= Exercise =
Go through the entries below and copy each line containing the word "also".

= Material provided =
lemma quad_form_continuous: "continuous_on UNIV (quad_form \<Omega> \<iota> d)"
proof -
  obtain K where K: "K \<ge> 0" "\<And>u. (\<integral>x. (\<iota> u x)\<^sup>2 \<partial>lebesgue_on \<Omega>) \<le> K * (norm u)\<^sup>2"
    using embedding_square_integral_le by blast
  have D: "0 \<le> D" using d_nonneg d_le order_trans by blast
  have "isCont (quad_form \<Omega> \<iota> d) u" for u
  proof -
    let ?q = "quad_form \<Omega> \<iota> d"
    have bound: "norm (?q v - ?q u) \<le> norm (v - u) * (?q u + D * K * (1 + norm (v - u)))"
      if "v \<noteq> u" for v
    proof -
      define r where "r = norm (v - u)"
      have r: "r > 0" using that by (simp add: r_def)
      have "\<bar>?q v - ?q u\<bar> \<le> r * ?q u + (1 + 1/r) * D * (\<integral>x. (\<iota> (v - u) x)\<^sup>2 \<partial>lebesgue_on \<Omega>)"
        by (rule quad_form_diff_le[OF r])
      also have "\<dots> \<le> r * ?q u + (1 + 1/r) * D * (K * r\<^sup>2)"
        using K(2)[of "v - u"] D r unfolding r_def by (intro add_left_mono mult_left_mono) auto
      also have "\<dots> = r * (?q u + D * K * (1 + r))"
        using r by (simp add: field_simps power2_eq_square)
      finally show ?thesis by (simp add: r_def)
    qed
    have "((\<lambda>v. norm (v - u)) \<longlongrightarrow> 0) (at u)"
      using tendsto_norm_zero[OF LIM_zero[OF tendsto_ident_at]] .
    then have "((\<lambda>v. norm (v - u) * (?q u + D * K * (1 + norm (v - u)))) \<longlongrightarrow> 0) (at u)"
      by (auto intro!: tendsto_mult_left_zero tendsto_eq_intros)
    then have "((\<lambda>v. ?q v - ?q u) \<longlongrightarrow> 0) (at u)"
      by (rule Lim_null_comparison[rotated]) (use bound in \<open>auto simp: eventually_at_filter\<close>)
    then show ?thesis unfolding isCont_def by (simp add: LIM_zero_iff)
  qed
  then show ?thesis by (simp add: continuous_at_imp_continuous_on)
qed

= Finished task =
      also have "\<dots> \<le> r * ?q u + (1 + 1/r) * D * (K * r\<^sup>2)"
      also have "\<dots> = r * (?q u + D * K * (1 + r))"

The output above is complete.